I cut straight through them with a metal cutting blade on the Dremel. I decided to cut the three "prongs" only and not the whole molded out base.
I used scrap wood from the Murphy/Wall bed project to make the risers. They're not ideally spaced (they're a little over an inch taller than I wanted), but scrap wood is free. And I didn't feel like cutting down the length of the wood. I nailed them together and primed the heck out of them. Ultimately, I'm happy with the height.
I realized that the spray paint I was using would blow out into the front of the unit and stain the outside facing, so I went ahead and used a glorious amount of tape to protect the plastic fronting from overspray.
I also primed and spray painted the new top that I cut to the same dimensions of the old top. I used edging tape to finish off the edges so it would look pretty.
|This is actually the underside of the top|
The cylindrical-ish thing is attached to the channel changing knob. I kept that all together and in one functional piece in case I wanted to go back and fit it so that changing the channels changed the color of the LED lights.
I spray painted this with Rustoleum's Oil Rubbed Bronze. I have a lot of accessories sprayed with it, and it matches the "espresso" finish that most of the furniture is. And I just had a lot of it on hand (this whole project only cost me a bit of plywood, a bit of wallpaper, and maybe one can of paint because I used what I had on hand). I did learn an important lesson about sanding this paint, it gummed up pretty badly, but I fixed that. And didn't sand so heavily again.
Pro (blog) tip - put furniture up on small paint cans and you can spray the feet without any trouble, too.
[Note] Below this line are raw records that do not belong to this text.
lemma eta_squared_le: "\<eta>\<^sup>2 \<le> 1 / (500 * real T * \<delta>)"
proof -
  have "\<eta>\<^sup>2 \<le> ((50/49) * (\<Delta> / (real d - 1)) / \<delta>)\<^sup>2"
    using eta_le eta_pos by (intro power_mono) auto
  also have "\<dots> = (50/49)\<^sup>2 * (\<Delta> / (real d - 1))\<^sup>2 / \<delta>\<^sup>2" by (simp only: power_divide power_mult_distrib)
  also have "\<dots> \<le> (50/49)\<^sup>2 * (\<delta> / (540 * real T)) / \<delta>\<^sup>2"
    using Delta_over_d_squared_le delta_pos by (intro divide_right_mono mult_left_mono) auto
  also have "\<dots> = ((50/49)\<^sup>2 / 540) / (real T * \<delta>)" using delta_pos by (simp add: power2_eq_square field_simps)
  also have "\<dots> \<le> (1/500) / (real T * \<delta>)" using delta_pos T_pos by (intro divide_right_mono) (auto simp: power2_eq_square)
  finally show ?thesis by simp
qed

definition p01 :: "real \<Rightarrow> real" where "p01 x = 1 / (1 + (\<gamma> / \<delta>) * exp (- x))"

lemma gamma_over_delta_pos: "\<gamma> / \<delta> > 0" using delta_pos \<gamma>_ge by simp

lemma p01_denom_pos: "1 + (\<gamma> / \<delta>) * exp (- x) > 0"
  using gamma_over_delta_pos by (intro add_pos_pos mult_pos_pos) auto

lemma p01_pos: "p01 x > 0"
  unfolding p01_def using p01_denom_pos by simp

lemma one_minus_p01: "1 - p01 x = (\<gamma> / \<delta>) * exp (- x) * p01 x"
  unfolding p01_def using p01_denom_pos[of x] by (simp add: field_simps)

lemma p01_less_1: "p01 x < 1"
  using one_minus_p01[of x] gamma_over_delta_pos p01_pos[of x] by (smt (verit) exp_gt_zero mult_pos_pos)

lemma p01_diff: "p01 y - p01 x = (\<gamma> / \<delta>) * (exp (- x) - exp (- y)) * p01 x * p01 y"
proof -
  define Dx Dy where "Dx = 1 + (\<gamma> / \<delta>) * exp (- x)" and "Dy = 1 + (\<gamma> / \<delta>) * exp (- y)"
  have "Dx > 0" "Dy > 0" unfolding Dx_def Dy_def by (rule p01_denom_pos)+
  moreover have eq: "(\<gamma> / \<delta>) * (exp (- x) - exp (- y)) = Dx - Dy"
    by (simp add: Dx_def Dy_def algebra_simps)
  ultimately show ?thesis unfolding p01_def Dx_def[symmetric] Dy_def[symmetric] eq
    by (simp add: field_simps)
qed

lemma p01_mono: "x \<le> y \<Longrightarrow> p01 x \<le> p01 y"
  using p01_diff[of y x] gamma_over_delta_pos p01_pos[of x] p01_pos[of y]
  by (smt (verit) exp_le_cancel_iff mult_nonneg_nonneg)

lemma p01_increment_ge:
  assumes "x \<le> y" shows "(1 - p01 y) * p01 x * (y - x) \<le> p01 y - p01 x"
proof -
  have "exp (- y) * (1 + (y - x)) \<le> exp (- y) * exp (y - x)"
    by (intro mult_left_mono exp_ge_add_one_self) auto
  then have "exp (- y) * (y - x) \<le> exp (- x) - exp (- y)"
    by (simp add: algebra_simps flip: exp_add)
  then have "(\<gamma> / \<delta>) * (exp (- y) * (y - x)) * p01 x * p01 y
             \<le> (\<gamma> / \<delta>) * (exp (- x) - exp (- y)) * p01 x * p01 y"
    using gamma_over_delta_pos p01_pos[THEN less_imp_le] by (intro mult_right_mono mult_left_mono) auto
  then show ?thesis unfolding p01_diff one_minus_p01 by (simp add: ac_simps)
qed

lemma p01_increment_le:
  assumes "x \<le> y" shows "p01 y - p01 x \<le> (y - x) * p01 y"
proof -
  have "exp (- x) * (1 + (x - y)) \<le> exp (- x) * exp (x - y)"
    by (intro mult_left_mono exp_ge_add_one_self) auto
  then have "exp (- x) - exp (- y) \<le> (y - x) * exp (- x)"
    by (simp add: algebra_simps flip: exp_add)
  then have "p01 y - p01 x \<le> (\<gamma> / \<delta>) * ((y - x) * exp (- x)) * p01 x * p01 y"
    unfolding p01_diff using gamma_over_delta_pos p01_pos[THEN less_imp_le] by (intro mult_right_mono mult_left_mono) auto
  also have "\<dots> = (y - x) * (1 - p01 x) * p01 y" unfolding one_minus_p01 by (simp add: ac_simps)
  also have "\<dots> \<le> (y - x) * p01 y"
  proof -
    have "0 \<le> (y - x) * p01 x * p01 y" using assms p01_pos[of x] p01_pos[of y] by simp
    then show ?thesis by (simp add: algebra_simps)
  qed
  finally show ?thesis .
qed

lemma p01_Deltabar: "p01 \<Delta>bar = \<delta> + \<Delta>"
proof -
  have "exp (- \<Delta>bar) = \<delta> * (\<gamma> - \<Delta>) / (\<gamma> * (\<delta> + \<Delta>))"
    using exp_Deltabar by (simp add: exp_minus inverse_eq_divide odds_ratio_def)
  also have "\<dots> = (\<delta> / \<gamma>) * ((\<gamma> - \<Delta>) / (\<delta> + \<Delta>))" by simp
  finally have e: "(\<gamma> / \<delta>) * exp (- \<Delta>bar) = (\<gamma> - \<Delta>) / (\<delta> + \<Delta>)"
    using delta_pos \<gamma>_ge by simp
  have "1 + (\<gamma> - \<Delta>) / (\<delta> + \<Delta>) = 1 / (\<delta> + \<Delta>)"
    using delta_pos Delta_pos by (simp add: field_simps \<delta>_def)
  then show ?thesis unfolding p01_def e by simp
qed

lemma p01_minus_Deltabar_ge: "p01 (- \<Delta>bar) \<ge> (9/10) * \<delta>"
proof -
  have "1 + (\<gamma> / \<delta>) * exp \<Delta>bar \<le> 1 + (1 / \<delta>) * (103/100)"
    using exp_Deltabar odds_ratio_le odds_ratio_pos \<gamma>_less_1 delta_pos
    by (intro add_left_mono mult_mono divide_right_mono) auto
  also have "\<dots> \<le> 1 / ((9/10) * \<delta>)" using delta_pos delta_le by (simp add: field_simps)
  finally have "1 / (1 / ((9/10) * \<delta>)) \<le> p01 (- \<Delta>bar)"
    unfolding p01_def using p01_denom_pos[of "- \<Delta>bar"] delta_pos
    by (intro divide_left_mono) (auto simp: zero_less_mult_iff)
  then show ?thesis by simp
qed

definition "log_odds = ln (1 / (1 - \<gamma>) - 1)"

lemma exp_log_odds: "exp log_odds = \<gamma> / \<delta>"
proof -
  have "1 / (1 - \<gamma>) - 1 = \<gamma> / \<delta>" using delta_pos by (simp add: \<delta>_def field_simps)
  then show ?thesis unfolding log_odds_def using gamma_over_delta_pos by simp
qed

lemma alpha_pos: "alpha d \<gamma> T > 0"
  unfolding alpha_def \<Delta>bar_def[symmetric] using Deltabar_pos d_minus_1_ge by (simp add: add_pos_pos)

lemma beta_pos: "beta d \<gamma> T > 0"
  unfolding beta_def \<Delta>bar_def[symmetric] using Deltabar_pos by (simp add: add_pos_pos)

definition inner_act :: "(nat \<Rightarrow> real) \<Rightarrow> action \<Rightarrow> real" where
  "inner_act \<theta> a = (\<Sum>i<d-1. a i * \<theta> i)"

lemma sum_lessThan_d: "(\<Sum>i<d. f i) = (\<Sum>i<d-1. f i) + f (d - 1)"
proof -
  have "d = Suc (d - 1)" using d_ge_2 by simp
  then show ?thesis by (metis sum.lessThan_Suc)
qed
(* Let $L,R$ be nonempty subsets of a group $G$ and $s\in G$, and consider $2\mathrm{S}(G;L,R)$. (1) There exist words $w_{L,m}$ and $w_{L,n}$ in $L$ with $m\neq n$ such that $w_{L,m}s\sim w_{L,n}s$ if and only if there exists a word $w_{L,k}$ in $L$ of positive length with $w_{L,k}s\sim s$; moreover one can take $k=|m-n|$. (2) For $n\ge1$, there exists a word $w_{L,n}$ in $L$ with $w_{L,n}s\sim s$ if and only if there exists a word $w_{L^{-1},n}$ in $L^{-1}$ with $w_{L^{-1},n}s\sim s$. (3) If $g\in\langle L\rangle s\langle R\rangle$ and $k\ge 1$, then $w_{L,k}g\sim g$ for some word $w_{L,k}$ in $L$ of length $k$ if and only if $w'_{L,k}s\sim s$ for some word $w'_{L,k}$ in $L$ of length $k$.
   Context: For nonempty subsets $L,R$ of a group $G$, the two-sided group digraph $2\mathrm{S}(G;L,R)$ has vertex set $G$ and a directed arc $(g,h)$ if and only if $h=l^{-1}gr$ for some $l\in L$, $r\in R$. $w_{S,n}$ denotes the value of a word $s_1\cdots s_n$ with $s_i\in S$. $g\sim h$ means $g$ is weakly connected to $h$: there is a sequence $g=g_0,\dots,g_n=h$ with, for each $i$, $(g_{i-1},g_i)$ or $(g_i,g_{i-1})$ an arc. $\langle S\rangle$ is the subgroup generated by $S$. *)

theory Defs
  imports "HOL-Algebra.Algebra"
begin

text \<open>Arc of the two-sided group digraph 2S(G;L,R): (g,h) is an arc iff h = l^-1 g r.\<close>
definition tsarc :: "('a, 'b) monoid_scheme \<Rightarrow> 'a set \<Rightarrow> 'a set \<Rightarrow> 'a \<Rightarrow> 'a \<Rightarrow> bool" where
  "tsarc G L R g h \<longleftrightarrow> g \<in> carrier G \<and> h \<in> carrier G \<and>
     (\<exists>l\<in>L. \<exists>r\<in>R. h = inv\<^bsub>G\<^esub> l \<otimes>\<^bsub>G\<^esub> g \<otimes>\<^bsub>G\<^esub> r)"

definition weakly_conn :: "('a, 'b) monoid_scheme \<Rightarrow> 'a set \<Rightarrow> 'a set \<Rightarrow> 'a \<Rightarrow> 'a \<Rightarrow> bool" where
  "weakly_conn G L R g h \<longleftrightarrow>
     (\<lambda>x y. tsarc G L R x y \<or> tsarc G L R y x)\<^sup>*\<^sup>* g h"

definition word_val :: "('a, 'b) monoid_scheme \<Rightarrow> 'a list \<Rightarrow> 'a" where
  "word_val G ws = foldr (\<lambda>x y. x \<otimes>\<^bsub>G\<^esub> y) ws \<one>\<^bsub>G\<^esub>"

definition is_word :: "'a set \<Rightarrow> nat \<Rightarrow> 'a list \<Rightarrow> bool" where
  "is_word S n ws \<longleftrightarrow> length ws = n \<and> set ws \<subseteq> S"

end

theory Submission
  imports Defs
begin

text \<open>
  Two arcs with a common endpoint show g ~ inv l * l' * g and g ~ l' * inv l * g for
  l, l' in L. Hence left multiplication by any element of \<langle>L\<rangle> preserves ~, and all
  letters of L act in the same way on ~-classes, so words of equal length in L act
  identically and commute with \<langle>L\<rangle>. Inversion is an isomorphism from 2S(G;L,R) onto
  2S(G;R,L), which turns this into right invariance under \<langle>R\<rangle>. The three parts then
  follow by cancelling a common prefix, inverting a word, and moving the outer factors
  of g = a s b out of the way.
\<close>

lemma weakly_conn_refl: "weakly_conn G L R x x"
  unfolding weakly_conn_def by simp

lemma weakly_conn_sym: "weakly_conn G L R x y \<Longrightarrow> weakly_conn G L R y x"
  unfolding weakly_conn_def
  by (rule sympD[OF symp_rtranclp]) (auto simp: symp_def)

lemma weakly_conn_trans [trans]:
  "weakly_conn G L R x y \<Longrightarrow> weakly_conn G L R y z \<Longrightarrow> weakly_conn G L R x z"
  unfolding weakly_conn_def by simp

lemma weakly_conn_arc: "tsarc G L R x y \<Longrightarrow> weakly_conn G L R x y"
  unfolding weakly_conn_def by (simp add: r_into_rtranclp)

lemma weakly_conn_closed: "weakly_conn G L R x y \<Longrightarrow> x \<in> carrier G \<Longrightarrow> y \<in> carrier G"
  unfolding weakly_conn_def by (induction rule: rtranclp_induct) (auto simp: tsarc_def)

lemma weakly_conn_map:
  assumes "\<And>a b. tsarc G L R a b \<Longrightarrow> weakly_conn H L' R' (f a) (f b)"
    and "weakly_conn G L R x y"
  shows "weakly_conn H L' R' (f x) (f y)"
  using assms(2) unfolding weakly_conn_def[of G]
proof (induction rule: rtranclp_induct)
  case base
  show ?case by (rule weakly_conn_refl)
next
  case (step y z)
  from step(2) have "weakly_conn H L' R' (f y) (f z)"
  proof
    assume "tsarc G L R z y"
    then show ?thesis by (rule weakly_conn_sym[OF assms(1)])
  qed (rule assms(1))
  with step(3) show ?case by (rule weakly_conn_trans)
qed

context monoid
begin

lemma word_val_Nil [simp]: "word_val G [] = \<one>"
  by (simp add: word_val_def)

lemma word_val_Cons [simp]: "word_val G (a # ws) = a \<otimes> word_val G ws"
  by (simp add: word_val_def)

lemma word_val_closed: "set ws \<subseteq> carrier G \<Longrightarrow> word_val G ws \<in> carrier G"
  by (induction ws) auto

lemma word_val_append:
  "set ws \<subseteq> carrier G \<Longrightarrow> set vs \<subseteq> carrier G \<Longrightarrow>
   word_val G (ws @ vs) = word_val G ws \<otimes> word_val G vs"
  by (induction ws) (auto simp: word_val_closed m_assoc)

end

context group
begin

lemma inv_mult_cancel_left [simp]:
  "x \<in> carrier G \<Longrightarrow> y \<in> carrier G \<Longrightarrow> inv x \<otimes> (x \<otimes> y) = y"
  by (simp add: m_assoc [symmetric])

lemma mult_inv_cancel_left [simp]:
  "x \<in> carrier G \<Longrightarrow> y \<in> carrier G \<Longrightarrow> x \<otimes> (inv x \<otimes> y) = y"
  by (simp add: m_assoc [symmetric])

lemma word_val_rev_inv:
  "set ws \<subseteq> carrier G \<Longrightarrow> word_val G (rev (map (\<lambda>x. inv x) ws)) = inv (word_val G ws)"
proof (induction ws)
  case (Cons a ws)
  have "set (rev (map (\<lambda>x. inv x) ws)) \<subseteq> carrier G" using Cons.prems by auto
  then show ?case
    using Cons by (simp add: word_val_append word_val_closed inv_mult_group)
qed simp

lemma word_val_in_generate:
  "set ws \<subseteq> generate G S \<Longrightarrow> word_val G ws \<in> generate G S"
  by (induction ws) (auto intro: generate.intros)

end

lemma is_word_rev_map: "is_word S n ws \<Longrightarrow> is_word (f ` S) n (rev (map f ws))"
  by (auto simp: is_word_def)

locale two_sided_digraph = group G for G (structure) +
  fixes L R :: "'a set"
  assumes L_closed: "L \<subseteq> carrier G" and R_closed: "R \<subseteq> carrier G"
    and L_nonempty: "L \<noteq> {}" and R_nonempty: "R \<noteq> {}"
begin

abbreviation conn :: "'a \<Rightarrow> 'a \<Rightarrow> bool" where
  "conn \<equiv> weakly_conn G L R"

lemma conn_arc: "x \<in> carrier G \<Longrightarrow> l \<in> L \<Longrightarrow> r \<in> R \<Longrightarrow> conn x (inv l \<otimes> x \<otimes> r)"
  unfolding weakly_conn_def tsarc_def using L_closed R_closed
  by (intro r_into_rtranclp) auto

lemma conn_inv_mult_left:
  assumes "g \<in> carrier G" "l \<in> L" "l' \<in> L"
  shows "conn g (inv l \<otimes> l' \<otimes> g)"
proof -
  obtain r where r: "r \<in> R" using R_nonempty by blast
  have c: "l \<in> carrier G" "l' \<in> carrier G" "r \<in> carrier G"
    using assms r L_closed R_closed by auto
  have "conn g (l' \<otimes> g \<otimes> inv r)"
    using weakly_conn_sym[OF conn_arc[OF _ assms(3) r, of "l' \<otimes> g \<otimes> inv r"]] assms c
    by (simp add: m_assoc)
  also have "conn (l' \<otimes> g \<otimes> inv r) (inv l \<otimes> l' \<otimes> g)"
    using conn_arc[OF _ assms(2) r, of "l' \<otimes> g \<otimes> inv r"] assms c by (simp add: m_assoc)
  finally show ?thesis .
qed

lemma conn_mult_inv_left:
  assumes "g \<in> carrier G" "l \<in> L" "l' \<in> L"
  shows "conn g (l' \<otimes> inv l \<otimes> g)"
proof -
  obtain r where r: "r \<in> R" using R_nonempty by blast
  have c: "l \<in> carrier G" "l' \<in> carrier G" "r \<in> carrier G"
    using assms r L_closed R_closed by auto
  have "conn g (inv l \<otimes> g \<otimes> r)"
    using conn_arc[OF _ assms(2) r] assms by simp
  also have "conn (inv l \<otimes> g \<otimes> r) (l' \<otimes> inv l \<otimes> g)"
    using weakly_conn_sym[OF conn_arc[OF _ assms(3) r, of "l' \<otimes> inv l \<otimes> g"]] assms c
    by (simp add: m_assoc)
  finally show ?thesis .
qed

lemma conn_letters:
  assumes "g \<in> carrier G" "l \<in> L" "l' \<in> L"
  shows "conn (l \<otimes> g) (l' \<otimes> g)"
proof -
  have "l \<in> carrier G" "l' \<in> carrier G" using assms L_closed by auto
  then show ?thesis
    using conn_mult_inv_left[of "l \<otimes> g" l l'] assms by (simp add: m_assoc)
qed

lemma conn_mult_letter:
  assumes "l \<in> L" and "conn x y"
  shows "conn (l \<otimes> x) (l \<otimes> y)"
proof (rule weakly_conn_map[OF _ assms(2)])
  fix a b assume "tsarc G L R a b"
  then obtain l' r where arc: "a \<in> carrier G" "l' \<in> L" "r \<in> R" "b = inv l' \<otimes> a \<otimes> r"
    by (auto simp: tsarc_def)
  have c: "l \<in> carrier G" "l' \<in> carrier G" "r \<in> carrier G"
    using assms(1) arc L_closed R_closed by auto
  have "conn (l \<otimes> a) (a \<otimes> r)"
    using conn_arc[OF _ assms(1) arc(3), of "l \<otimes> a"] arc c by (simp add: m_assoc)
  also have "conn (a \<otimes> r) (l \<otimes> inv l' \<otimes> (a \<otimes> r))"
    using conn_mult_inv_left arc c assms(1) by simp
  finally show "conn (l \<otimes> a) (l \<otimes> b)"
    using arc c by (simp add: m_assoc)
qed

lemma conn_mult_inv_letter:
  assumes "l \<in> L" and "conn x y"
  shows "conn (inv l \<otimes> x) (inv l \<otimes> y)"
proof (rule weakly_conn_map[OF _ assms(2)])
  fix a b assume "tsarc G L R a b"
  then obtain l' r where arc: "a \<in> carrier G" "l' \<in> L" "r \<in> R" "b = inv l' \<otimes> a \<otimes> r"
    by (auto simp: tsarc_def)
  have c: "l \<in> carrier G" "l' \<in> carrier G" "r \<in> carrier G"
    using assms(1) arc L_closed R_closed by auto
  have "conn (inv l \<otimes> a) (inv l' \<otimes> a)"
    using conn_inv_mult_left[of "inv l \<otimes> a" l' l] arc c assms(1) by (simp add: m_assoc)
  also have "conn (inv l' \<otimes> a) (inv l \<otimes> b)"
    using conn_arc[OF _ assms(1) arc(3), of "inv l' \<otimes> a"] arc c by (simp add: m_assoc)
  finally show "conn (inv l \<otimes> a) (inv l \<otimes> b)"
    using arc c by (simp add: m_assoc)
qed

lemma generate_L_closed: "a \<in> generate G L \<Longrightarrow> a \<in> carrier G"
  using generate_in_carrier[OF L_closed] .

lemma conn_mult_left:
  assumes "a \<in> generate G L" and "x \<in> carrier G" and "conn x y"
  shows "conn (a \<otimes> x) (a \<otimes> y)"
  using assms
proof (induction arbitrary: x y rule: generate.induct)
  case one
  then show ?case using weakly_conn_closed[of G L R x y] by simp
next
  case (incl l)
  then show ?case using conn_mult_letter by blast
next
  case (inv l)
  then show ?case using conn_mult_inv_letter by blast
next
  case (eng a1 a2)
  have "conn (a1 \<otimes> (a2 \<otimes> x)) (a1 \<otimes> (a2 \<otimes> y))"
    using eng generate_L_closed by simp
  moreover have "y \<in> carrier G" using eng weakly_conn_closed by metis
  ultimately show ?case
    using eng generate_L_closed by (simp add: m_assoc)
qed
And that's a bit of left over tack cloth. I cannot over emphasize how important it is to get all of the dust/bits off before painting. It keeps everything smooth, and tack cloth just can't be substituted.
The whole set up for a few days. I would only do a very thin layer of paint, and you can see that the garage door is cracked for the fumes (I didn't want to leave it open overnight). It's also a better shot of the little cubby I made from behind.
Last spray down of the whole unit!
I put some wallpaper on a board cut to fit the rear and nailed that on. I didn't paint it or finish it in any other way, since you can't see the back anyway.
I did *not* get a picture of the LED lights, but I have one of those four strip units from Ikea (can be found at this link). I might get more, but I don't think it needs to be brighter. I have attached (with some double sided sticky), the light switch to the top right corner, so the lights are easy to turn on and off.
And here's the final product - I'm so utterly happy with it! And I get the bonus of kitchen space for my myriad appliances (the liquor was being kept in the kitchen cabinet before this).
|I could watch this channel all day.|
It's a nice splash of interesting turquoise that gives a fun background that you don't really notice unless you look closely. It lightens up the dark piece by a bit, and I like it. I was looking at other projects online and I liked it when there was a pop of color.
And just in time for the liquor cabinet debut, a friend brought me some of my favorite tequila from Texas (they don't sell this here).
So, Tada! And now I'll get back to other projects and maybe a bit of stitching.